## [TASK PROMPT]
Please give back word for word the lines of the material below between the line containing "r n z\<bar>" and the line containing "using z by (auto intro: power_le_one)", inclusive.

## [DATASET RECORDS]
(* Let $s\in(0,1]$, $r=1-s$, and let $\{a_n\}_{n\in\mathbb Z}$ be i.i.d. geometric random variables on $\{1,2,\dots\}$ with $\mathbb P[a_0>i]=r^i$ for $i\ge 0$. Let $N_n=\#\{m\in\mathbb Z: m<n,\ m+a_m>n\}+1$ (the stationary population process), and let $G(z)=\mathbb E[z^{N_0}]$, $z\in[0,1]$, be the probability generating function of $N_0$. Then $$G(z)=z\,G(rz+s)\qquad\text{for all } z\in[0,1].$$ *)

theory Defs
  imports "HOL-Probability.Probability"
begin

definition pop0 :: "(int \<Rightarrow> 'a \<Rightarrow> nat) \<Rightarrow> 'a \<Rightarrow> nat" where
  "pop0 a \<omega> = card {m::int. m < 0 \<and> m + int (a m \<omega>) > 0} + 1"

definition pgf :: "'a measure \<Rightarrow> ('a \<Rightarrow> nat) \<Rightarrow> real \<Rightarrow> real" where
  "pgf M X z = (\<integral>\<omega>. z ^ X \<omega> \<partial>M)"

end

theory Submission
  imports Defs
begin

text \<open>
  If no individual arriving before time \<open>-n\<close> is still present at time 0, then \<open>z ^ N\<^sub>0\<close> is
  \<open>z\<close> times a product of \<open>n\<close> independent factors, one per arrival time \<open>m \<in> [-n, -1]\<close>,
  equal to \<open>z\<close> or 1 according as that individual survives. The expected product is
  \<open>\<Prod>k=1..n. 1 - r^k (1 - z)\<close>, and the event excluded by the truncation has probability
  \<open>O(r^n)\<close>, so \<open>G(z) = z \<Prod>k\<ge>1. (1 - r^k (1 - z))\<close>. Substituting \<open>r z + s = 1 - r (1 - z)\<close>
  shifts the index of the product by one, which is the functional equation.
\<close>

definition survives :: "(int \<Rightarrow> 'a \<Rightarrow> nat) \<Rightarrow> int \<Rightarrow> 'a \<Rightarrow> bool" where
  "survives a m \<omega> \<longleftrightarrow> 0 < m + int (a m \<omega>)"

definition survivor_before :: "(int \<Rightarrow> 'a \<Rightarrow> nat) \<Rightarrow> nat \<Rightarrow> 'a \<Rightarrow> bool" where
  "survivor_before a n \<omega> \<longleftrightarrow> (\<exists>m < - int n. survives a m \<omega>)"

definition survivor_weight :: "(int \<Rightarrow> 'a \<Rightarrow> nat) \<Rightarrow> nat \<Rightarrow> real \<Rightarrow> 'a \<Rightarrow> real" where
  "survivor_weight a n z \<omega> = (\<Prod>m\<in>{- int n..-1}. if survives a m \<omega> then z else 1)"

definition survival_prod :: "'b \<Rightarrow> nat \<Rightarrow> 'b \<Rightarrow> 'b::comm_ring_1" where
  "survival_prod r n z = (\<Prod>k=1..n. 1 - r ^ k * (1 - z))"

lemma prod_if_const_eq_power:
  "finite A \<Longrightarrow> (\<Prod>m\<in>A. if P m then z else 1) = (z::'b::comm_monoid_mult) ^ card {m\<in>A. P m}"
  by (simp add: prod.If_cases Int_def)

lemma survivor_before_antimono: "survivor_before a k \<omega> \<Longrightarrow> n \<le> k \<Longrightarrow> survivor_before a n \<omega>"
  unfolding survivor_before_def by force

lemma power_pop0_eq_survivor_weight:
  assumes "\<not> survivor_before a n \<omega>"
  shows "z ^ pop0 a \<omega> = z * survivor_weight a n z \<omega>"
proof -
  have "{m. m < 0 \<and> m + int (a m \<omega>) > 0} = {m\<in>{- int n..-1}. survives a m \<omega>}"
    using assms unfolding survivor_before_def survives_def by force
  then show ?thesis
    unfolding pop0_def survivor_weight_def by (subst prod_if_const_eq_power) auto
qed

lemma survivor_weight_bounds:
  "z \<in> {0..1} \<Longrightarrow> 0 \<le> survivor_weight a n z \<omega> \<and> survivor_weight a n z \<omega> \<le> 1"
  unfolding survivor_weight_def by (auto intro!: prod_nonneg prod_le_1)

text \<open>Infinitely many survivors make the set in \<^const>\<open>pop0\<close> infinite, and its \<open>card\<close> is then 0.\<close>
lemma pop0_eq_1_if_survivor_before_all:
  assumes "\<forall>n. survivor_before a n \<omega>"
  shows "pop0 a \<omega> = 1"
proof -
  let ?T = "{m. m < 0 \<and> m + int (a m \<omega>) > 0}"
  have "infinite ?T"
  proof
    assume "finite ?T"
    then have "?T \<subseteq> {Min (insert 0 ?T)..}" by auto
    moreover obtain m where "m < Min (insert 0 ?T)" "survives a m \<omega>"
      using assms[rule_format, of "nat (- Min (insert 0 ?T))"] \<open>finite ?T\<close>
      unfolding survivor_before_def by auto
    ultimately show False
      using \<open>finite ?T\<close> unfolding survives_def by fastforce
  qed
  then show ?thesis unfolding pop0_def by simp
qed

lemma truncation_tendsto_power_pop0:
  "(\<lambda>n. if survivor_before a n \<omega> then z else z * survivor_weight a n z \<omega>) \<longlonglongrightarrow> z ^ pop0 a \<omega>"
proof (cases "\<exists>n. \<not> survivor_before a n \<omega>")
  case True
  then obtain n where "\<not> survivor_before a n \<omega>" by blast
  then have "\<forall>k\<ge>n. (if survivor_before a k \<omega> then z else z * survivor_weight a k z \<omega>) = z ^ pop0 a \<omega>"
    using survivor_before_antimono power_pop0_eq_survivor_weight by metis
  then show ?thesis
    by (intro tendsto_eventually eventually_sequentiallyI[of n]) simp
next
  case False
  then show ?thesis using pop0_eq_1_if_survivor_before_all[of a \<omega>] by simp
qed

lemma survival_prod_shift:
  fixes r s z :: "'b::comm_ring_1"
  assumes "r = 1 - s"
  shows "(r * z + s) * survival_prod r n (r * z + s) = survival_prod r (Suc n) z"
proof -
  have weight: "r * z + s = 1 - r * (1 - z)" and factor: "1 - (r * z + s) = r * (1 - z)"
    using assms by (simp_all add: algebra_simps)
  have "survival_prod r (Suc n) z = (1 - r * (1 - z)) * (\<Prod>k=Suc 1..Suc n. 1 - r ^ k * (1 - z))"
    unfolding survival_prod_def by (subst prod.atLeast_Suc_atMost) simp_all
  also have "\<dots> = (1 - r * (1 - z)) * (\<Prod>k=1..n. 1 - r ^ k * (r * (1 - z)))"
    by (simp only: prod.shift_bounds_cl_Suc_ivl power_Suc mult.assoc mult.left_commute)
  also have "\<dots> = (r * z + s) * survival_prod r n (r * z + s)"
    unfolding survival_prod_def factor by (simp only: weight)
  finally show ?thesis ..
qed

locale geometric_lifetimes = prob_space M for M :: "'a measure" +
  fixes a :: "int \<Rightarrow> 'a \<Rightarrow> nat" and s r :: real
  assumes s_pos: "0 < s" and s_le_1: "s \<le> 1" and r_eq: "r = 1 - s"
    and indep: "indep_vars (\<lambda>_. count_space UNIV) a UNIV"
    and prob_lifetime_gt: "\<And>n i. prob {\<omega> \<in> space M. a n \<omega> > i} = r ^ i"
begin

lemma r_nonneg: "0 \<le> r" and r_less_1: "r < 1"
  using s_pos s_le_1 r_eq by auto

lemma measurable_lifetime[measurable]: "a m \<in> measurable M (count_space UNIV)"
  using indep unfolding indep_vars_def by auto

lemma pred_survives[measurable]: "Measurable.pred M (survives a m)"
  unfolding survives_def by (rule measurable_compose[OF measurable_lifetime]) simp

lemma pred_survivor_before[measurable]: "Measurable.pred M (survivor_before a n)"
  unfolding survivor_before_def by measurable

lemma borel_measurable_survivor_weight[measurable]: "survivor_weight a n z \<in> borel_measurable M"
  unfolding survivor_weight_def by measurable

lemma borel_measurable_power_pop0[measurable]: "(\<lambda>\<omega>. (z::real) ^ pop0 a \<omega>) \<in> borel_measurable M"
  by (rule borel_measurable_LIMSEQ_metric[where
        f = "\<lambda>n \<omega>. if survivor_before a n \<omega> then z else z * survivor_weight a n z \<omega>"])
    (simp_all add: truncation_tendsto_power_pop0)

lemma prob_survives:
  assumes "m < 0"
  shows "prob {\<omega> \<in> space M. survives a m \<omega>} = r ^ nat (- m)"
proof -
  have "survives a m \<omega> \<longleftrightarrow> a m \<omega> > nat (- m)" for \<omega>
    using assms unfolding survives_def by auto
  then show ?thesis
    using prob_lifetime_gt by simp
qed

lemma expectation_survivor_weight: "expectation (survivor_weight a n z) = survival_prod r n z"
proof -
  let ?X = "\<lambda>m \<omega>. if survives a m \<omega> then z else 1"
  have indep_X: "indep_vars (\<lambda>_. borel) ?X {- int n..-1}"
    unfolding survives_def
    by (rule indep_vars_compose2[OF indep_vars_subset[OF indep, of "{- int n..-1}"]]) auto
  have expectation_X: "expectation (?X m) = 1 - r ^ nat (- m) * (1 - z)" if "m < 0" for m
  proof -
    let ?E = "{\<omega> \<in> space M. survives a m \<omega>}"
    have "integrable M (indicator ?E :: 'a \<Rightarrow> real)"
      by (intro integrable_real_indicator) (auto simp: less_top[symmetric])
    have "expectation (?X m) = expectation (\<lambda>\<omega>. 1 - (1 - z) * indicator ?E \<omega>)"
      by (intro Bochner_Integration.integral_cong) (auto simp: indicator_def)
    also have "\<dots> = 1 - (1 - z) * prob ?E"
      using \<open>integrable M (indicator ?E)\<close>
      by (subst Bochner_Integration.integral_diff) (auto simp: prob_space)
    finally show ?thesis
      using prob_survives[OF that] by simp
  qed
  have "expectation (survivor_weight a n z) = (\<Prod>m\<in>{- int n..-1}. expectation (?X m))"
    unfolding survivor_weight_def
    by (rule indep_vars_lebesgue_integral)
      (use indep_X in \<open>auto intro!: integrable_const_bound[where B="max 1 \<bar>z\<bar>"]\<close>)
  also have "\<dots> = (\<Prod>m\<in>{- int n..-1}. 1 - r ^ nat (- m) * (1 - z))"
    by (rule prod.cong) (auto simp: expectation_X)
  also have "\<dots> = survival_prod r n z"
    unfolding survival_prod_def
    by (rule prod.reindex_bij_witness[where i="\<lambda>k. - int k" and j="\<lambda>m. nat (- m)"]) auto
  finally show ?thesis .
qed

lemma prob_survivor_before: "prob {\<omega> \<in> space M. survivor_before a n \<omega>} \<le> r ^ Suc n / s"
proof -
  define A where "A k = {\<omega> \<in> space M. survives a (- int (Suc n + k)) \<omega>}" for k
  have prob_A: "prob (A k) = r ^ Suc n * r ^ k" for k
  proof -
    have "prob (A k) = r ^ nat (- (- int (Suc n + k)))"
      unfolding A_def by (rule prob_survives) simp
    then show ?thesis
      by (simp only: minus_minus nat_int power_add)
  qed
  have summable: "summable (\<lambda>k. r ^ Suc n * r ^ k)"
    using r_nonneg r_less_1 by (intro summable_mult summable_geometric) auto
  have "m < - int n \<longleftrightarrow> (\<exists>k. m = - int (Suc n + k))" for m
    by (rule iffI, rule exI[of _ "nat (- m - int n - 1)"]) auto
  then have "{\<omega> \<in> space M. survivor_before a n \<omega>} = (\<Union>k. A k)"
    unfolding A_def survivor_before_def by auto
  also have "prob \<dots> \<le> (\<Sum>k. prob (A k))"
    using summable unfolding prob_A[symmetric]
    by (intro finite_measure_subadditive_countably) (auto simp: A_def)
  also have "\<dots> = r ^ Suc n / (1 - r)"
    using r_nonneg r_less_1 by (simp add: prob_A suminf_mult suminf_geometric divide_inverse)
  finally show ?thesis
    using r_eq by simp
qed

lemma pgf_pop0_approx:
  assumes z: "z \<in> {0..1}"
  shows "\<bar>pgf M (pop0 a) z - z * survival_prod r n z\<bar> \<le> r ^ Suc n / s"
proof -
  let ?B = "{\<omega> \<in> space M. survivor_before a n \<omega>}"
  let ?D = "\<lambda>\<omega>. z ^ pop0 a \<omega> - z * survivor_weight a n z \<omega>"
  have weight_bounds: "0 \<le> z * survivor_weight a n z \<omega> \<and> z * survivor_weight a n z \<omega> \<le> 1" for \<omega>
    using z survivor_weight_bounds[OF z, of a n \<omega>] by (auto intro: mult_le_one)
  have power_bounds: "0 \<le> z ^ pop0 a \<omega> \<and> z ^ pop0 a \<omega> \<le> 1" for \<omega>
    using z by (auto intro: power_le_one)
  have "integrable M (\<lambda>\<omega>. z ^ pop0 a \<omega>)" "integrable M (survivor_weight a n z)"
    using power_bounds survivor_weight_bounds[OF z, of a n]
    by (auto intro!: integrable_const_bound[where B = 1] AE_I2 simp: abs_le_iff)
  have "\<bar>?D \<omega>\<bar> \<le> 1" for \<omega>
    using weight_bounds[of \<omega>] power_bounds[of \<omega>] by arith
  then have integrable_D: "integrable M ?D"
    by (intro integrable_const_bound[where B = 1] AE_I2) auto
  have D_bound: "\<bar>?D \<omega>\<bar> \<le> indicator ?B \<omega>" if "\<omega> \<in> space M" for \<omega>
    using that weight_bounds[of \<omega>] power_bounds[of \<omega>] power_pop0_eq_survivor_weight[of a n \<omega> z]
    by (cases "survivor_before a n \<omega>") (auto simp: indicator_def)
  have "pgf M (pop0 a) z - z * survival_prod r n z = expectation ?D"
    using \<open>integrable M (\<lambda>\<omega>. z ^ pop0 a \<omega>)\<close> \<open>integrable M (survivor_weight a n z)\<close>
    by (simp add: pgf_def expectation_survivor_weight[symmetric])
  also have "\<bar>\<dots>\<bar> \<le> expectation (indicator ?B)"
    using D_bound
    by (intro integral_abs_bound[THEN order_trans] integral_mono integrable_abs integrable_D)
      (auto simp: less_top[symmetric] intro!: integrable_real_indicator)
  also have "\<dots> \<le> r ^ Suc n / s"
    using prob_survivor_before by simp
  finally show ?thesis .
qed

lemma survival_prod_tendsto_pgf:
  assumes "z \<in> {0..1}"
  shows "(\<lambda>n. z * survival_prod r n z) \<longlonglongrightarrow> pgf M (pop0 a) z"
proof -
  have "(\<lambda>n. r ^ Suc n / s) \<longlonglongrightarrow> 0"
    using r_nonneg r_less_1 by (intro tendsto_divide_zero LIMSEQ_Suc LIMSEQ_power_zero) auto
  then have "(\<lambda>n. z * survival_prod r n z - pgf M (pop0 a) z) \<longlonglongrightarrow> 0"
    by (rule Lim_null_comparison[rotated]) (use pgf_pop0_approx[OF assms] in \<open>auto simp: abs_minus_commute\<close>)
  then show ?thesis
    by (rule LIM_zero_cancel)
qed

end

theorem mainTheorem5:
  fixes M :: "'a measure" and a :: "int \<Rightarrow> 'a \<Rightarrow> nat" and s r :: real
  assumes "prob_space M"
    and "0 < s" and "s \<le> 1" and "r = 1 - s"
    and "prob_space.indep_vars M (\<lambda>_. count_space UNIV) a UNIV"
    and "\<And>n i. measure M {\<omega> \<in> space M. a n \<omega> > i} = r ^ i"
  shows "\<forall>z\<in>{0..1}. pgf M (pop0 a) z = z * pgf M (pop0 a) (r * z + s)"
proof
  interpret geometric_lifetimes M a s r
    by (intro geometric_lifetimes.intro geometric_lifetimes_axioms.intro assms)
  fix z :: real
  assume z: "z \<in> {0..1}"
  have "0 \<le> r * z" "r * z \<le> r"
    using z r_nonneg by (auto intro: mult_left_le)
  then have "r * z + s \<in> {0..1}"
    using r_eq s_pos by auto
  then have "(\<lambda>n. z * ((r * z + s) * survival_prod r n (r * z + s)))
      \<longlonglongrightarrow> z * pgf M (pop0 a) (r * z + s)"
    by (intro tendsto_mult_left survival_prod_tendsto_pgf)
  moreover have "(\<lambda>n. z * ((r * z + s) * survival_prod r n (r * z + s)))
      \<longlonglongrightarrow> pgf M (pop0 a) z"
    unfolding survival_prod_shift[OF r_eq]
    using LIMSEQ_Suc[OF survival_prod_tendsto_pgf[OF z]] .
  ultimately show "pgf M (pop0 a) z = z * pgf M (pop0 a) (r * z + s)"
    using LIMSEQ_unique by blast
qed

end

## [EXERCISE RESPONSE]
  shows "\<bar>pgf M (pop0 a) z - z * survival_prod r n z\<bar> \<le> r ^ Suc n / s"
proof -
  let ?B = "{\<omega> \<in> space M. survivor_before a n \<omega>}"
  let ?D = "\<lambda>\<omega>. z ^ pop0 a \<omega> - z * survivor_weight a n z \<omega>"
  have weight_bounds: "0 \<le> z * survivor_weight a n z \<omega> \<and> z * survivor_weight a n z \<omega> \<le> 1" for \<omega>
    using z survivor_weight_bounds[OF z, of a n \<omega>] by (auto intro: mult_le_one)
  have power_bounds: "0 \<le> z ^ pop0 a \<omega> \<and> z ^ pop0 a \<omega> \<le> 1" for \<omega>
    using z by (auto intro: power_le_one)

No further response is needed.